[Saved entries]
theorem mainTheorem5:
  fixes M :: "'a measure" and T :: "'a \<Rightarrow> 'a" and g :: "real \<Rightarrow> real" and P :: "'a set set"
  assumes "prob_space M"
    and "measure_preserving_map M T"
    and "g \<in> G00 \<union> Gsh"
    and "finite_meas_partition M P"
  shows "hg M T g P = ereal (Cg g) * hg M T eta P"
proof -
  have T: "T \<in> M \<rightarrow>\<^sub>M M" using assms(2) by (simp add: measure_preserving_map_def)
  obtain c where c: "0 \<le> c" "g \<in> G0" "((\<lambda>x. g x / eta x) \<longlongrightarrow> c) (at_right 0)"
    using assms(3) unfolding G00_def Gsh_def by (auto intro: less_imp_le)
  have "Cg g = c" unfolding Cg_def by (rule tendsto_Lim[OF trivial_limit_at_right_real c(3)])
  let ?Q = "join_part M T P"
  have "limsup (\<lambda>n. ereal (Hg M g (?Q n) / real n))
      = ereal c * limsup (\<lambda>n. ereal (Hg M eta (?Q n) / real n))"
  proof (rule limsup_rate_eq_mult[OF c(1) Hg_eta_nonneg[OF assms(1)]
        Hg_eta_join_part_le[OF assms(1) T assms(4)]])
    fix e :: real assume "e > 0"
    then obtain L where L: "\<And>x. x \<in> {0..1} \<Longrightarrow> \<bar>g x - c * eta x\<bar> \<le> e * eta x + L * x"
      using G0_eta_approx[OF c(2,3)] by blast
    have "finite P" using assms(4) by (simp add: finite_meas_partition_def)
    show "\<exists>L. \<forall>n. \<bar>Hg M g (?Q n) - c * Hg M eta (?Q n)\<bar> \<le> e * Hg M eta (?Q n) + L"
      using abs_Hg_sub_mult_eta_le[OF join_part_finite[OF \<open>finite P\<close>]
          join_part_sum_measure_le_one[OF assms(1) T assms(4)] L] by blast
  qed
  thus ?thesis using \<open>Cg g = c\<close> by (simp add: hg_def)
qed

end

PROBLEM TO SOLVE:
If a line in the records above contains "rule", copy that line.

ANSWER BOX:
  have "Cg g = c" unfolding Cg_def by (rule tendsto_Lim[OF trivial_limit_at_right_real c(3)])
  proof (rule limsup_rate_eq_mult[OF c(1) Hg_eta_nonneg[OF assms(1)]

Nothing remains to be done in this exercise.